En mérito de lo expuesto, la Corte Suprema de Justicia, Sala de Casación Laboral, administrando justicia en nombre de la República y por autoridad de la ley, CASA PARCIALMENTE la sentencia proferida por el Tribunal Superior del Distrito Judicial de Bogotá el 31 de agosto de 2009, en el proceso ordinario que adelantó José Alejandro Escobar Rodas en contra de la Empresa de Telecomunicaciones de Bogotá ESP, en cuanto revocó el numeral primero de la decisión del a quo. No la casa en lo demás.

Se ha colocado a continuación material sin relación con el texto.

definition os_basis_deg :: "nat \<Rightarrow> nat \<Rightarrow> (real^2^2) list set" where
  "os_basis_deg m p = {a \<in> os_basis m. length a = p}"

lemma finite_os_basis: "finite (os_basis m)"
  by (simp add: os_basis_def finite_refls)

lemma os_basis_refls: "a \<in> os_basis m \<Longrightarrow> set a \<subseteq> refls m"
  using sref_refls by (auto simp: os_basis_def)

lemma os_basis_length: "a \<in> os_basis m \<Longrightarrow> length a \<le> 2"
  by (auto simp: os_basis_def)

lemma sum_os_basis:
  "(\<Sum>a\<in>os_basis m. F a) = F [] + (\<Sum>t\<in>refls m. F [t]) + (\<Sum>t\<in>refls m - {sref}. F [sref, t])"
proof -
  let ?A = "(\<lambda>t. [t]) ` refls m" and ?B = "(\<lambda>t. [sref, t]) ` (refls m - {sref})"
  have "os_basis m = insert [] (?A \<union> ?B)" by (auto simp: os_basis_def)
  moreover have "[] \<notin> ?A \<union> ?B" by auto
  ultimately have "(\<Sum>a\<in>os_basis m. F a) = F [] + (\<Sum>a\<in>?A \<union> ?B. F a)"
    using finite_refls by simp
  also have "\<dots> = F [] + ((\<Sum>a\<in>?A. F a) + (\<Sum>a\<in>?B. F a))"
    using finite_refls by (subst sum.union_disjoint) auto
  finally show ?thesis by (simp add: sum.reindex inj_on_def add.assoc)
qed

lemma os_coord_mono_os_basis:
  assumes "a \<in> os_basis m" "b \<in> os_basis m"
  shows "os_coord m a (mono b) = (if a = b then 1 else 0)"
proof -
  consider "a = []" | t where "a = [t]" | t where "a = [sref, t]" "t \<in> refls m" "t \<noteq> sref"
    using assms(1) unfolding os_basis_def by blast
  then show ?thesis
  proof cases
    case (3 t)
    consider "length b \<noteq> 2" | t' where "b = [sref, t']" "t' \<in> refls m"
      using assms(2) unfolding os_basis_def by auto
    then show ?thesis
    proof cases
      case 1
      then have "[x, t] \<noteq> b" "[t, x] \<noteq> b" for x by auto
      then have "boundary_coeff m t (mono b) = 0"
        by (simp add: boundary_coeff_def mono_def)
      then show ?thesis using 1 3 by (auto simp: os_coord_def)
    qed (use 3 sref_refls in \<open>auto simp: os_coord_def boundary_coeff_mono_pair\<close>)
  qed (auto simp: os_coord_def mono_def)
qed

lemma os_coord_tensors_deg:
  assumes "f \<in> tensors_deg m p" "length a \<le> 2" "length a \<noteq> p"
  shows "os_coord m a f = 0"
proof -
  have vanish: "f zs = 0" if "length zs \<noteq> p" for zs
    using assms(1) that by (auto simp: tensors_deg_def)
  consider "length a = 0" | "length a = 1" | "length a = 2"
    using assms(2) by linarith
  then show ?thesis
  proof cases
    case 3
    then have "f [x, y] = 0" for x y using assms(3) vanish[of "[x, y]"] by simp
    then show ?thesis using 3 by (auto simp: os_coord_def boundary_coeff_def)
  qed (use assms(3) vanish in \<open>auto simp: os_coord_def\<close>)
qed

text \<open>Modulo the ideal, \<open>a\<^sub>x a\<^sub>y \<equiv> a\<^sub>s a\<^sub>y - a\<^sub>s a\<^sub>x\<close> by the relation for the dependent triple
  \<open>(s, x, y)\<close>, and \<open>a\<^sub>s a\<^sub>s \<equiv> 0\<close>.\<close>
lemma mono_pair_expansion_mem_os_ideal:
  assumes x: "x \<in> refls m" and y: "y \<in> refls m"
  shows "(\<lambda>zs. mono [x, y] zs - (\<Sum>a\<in>os_basis m. os_coord m a (mono [x, y]) * mono a zs))
    \<in> os_ideal m"
proof -
  let ?s = sref
  let ?ind = "\<lambda>P. if P then 1 else 0 :: complex"
  have "mono [x, y] [] = 0" "mono [x, y] [t] = 0" for t by (simp_all add: mono_def)
  then have "(\<Sum>a\<in>os_basis m. os_coord m a (mono [x, y]) * mono a zs)
      = (\<Sum>t\<in>refls m - {?s}. (?ind (y = t) - ?ind (x = t)) * mono [?s, t] zs)" for zs
    using x y by (simp add: sum_os_basis os_coord_def boundary_coeff_mono_pair)
  also have "\<dots>zs = (1 - ?ind (y = ?s)) * mono [?s, y] zs - (1 - ?ind (x = ?s)) * mono [?s, x] zs"
    for zs
  proof -
    have "(\<Sum>t\<in>refls m - {?s}. ?ind (u = t) * mono [?s, t] zs)
        = (1 - ?ind (u = ?s)) * mono [?s, u] zs"
      if "u \<in> refls m" for u
    proof -
      have "(\<Sum>t\<in>refls m - {?s}. ?ind (u = t) * mono [?s, t] zs)
          = (\<Sum>t\<in>refls m - {?s}. if u = t then mono [?s, u] zs else 0)"
        by (intro sum.cong) auto
      then show ?thesis using that finite_refls by simp
    qed
    then show ?thesis using x y by (simp add: left_diff_distrib sum_subtractf)
  qed
  finally have "(\<lambda>zs. mono [x, y] zs - (\<Sum>a\<in>os_basis m. os_coord m a (mono [x, y]) * mono a zs))
      = (\<lambda>zs. (-1) * boundary_rel [?s, x, y] zs + (?ind (y = ?s) * mono [?s, ?s] zs
          - ?ind (x = ?s) * mono [?s, ?s] zs))"
    by (auto simp: boundary_rel_3 algebra_simps)
  moreover have "boundary_rel [?s, x, y] \<in> os_ideal m"
    using relator_mem_os_ideal boundary_rel_3_mem_os_ideal sref_refls x y by blast
  moreover have "mono [?s, ?s] \<in> os_ideal m"
    using mono_square_mem_os_ideal[OF sref_refls, of "[]" m "[]"] by simp
  ultimately show ?thesis
    by (simp only: os_ideal.add_mem os_ideal.diff_mem os_ideal.scale_mem)
qed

En sede de instancia, RESUELVE:

1. Confirmar el numeral primero de la sentencia de primera instancia que condenó a la Empresa de Telecomunicaciones de Bogotá, ETB, a pagar al demandante señor José Alejandro Escobar Rodas, la suma de $5.662.642,1 por concepto de vacaciones y prima de vacaciones.

2. Condenar a la demandada al reconocimiento pago en favor del accionante de la suma $2.292.835,84, por concepto de indexación causada a septiembre 30 de 2012, sin perjuicio de la que en adelante se cause hasta el pago efectivo de las condenas fulminadas.

3. Confirmar en lo demás la sentencia apelada.

4. Condenar en costas en la primera instancia a la demandada. Sin costas en la alzada, ni en el recurso de casación.

Cópiese, notifíquese, publíquese y devuélvase al tribunal de origen».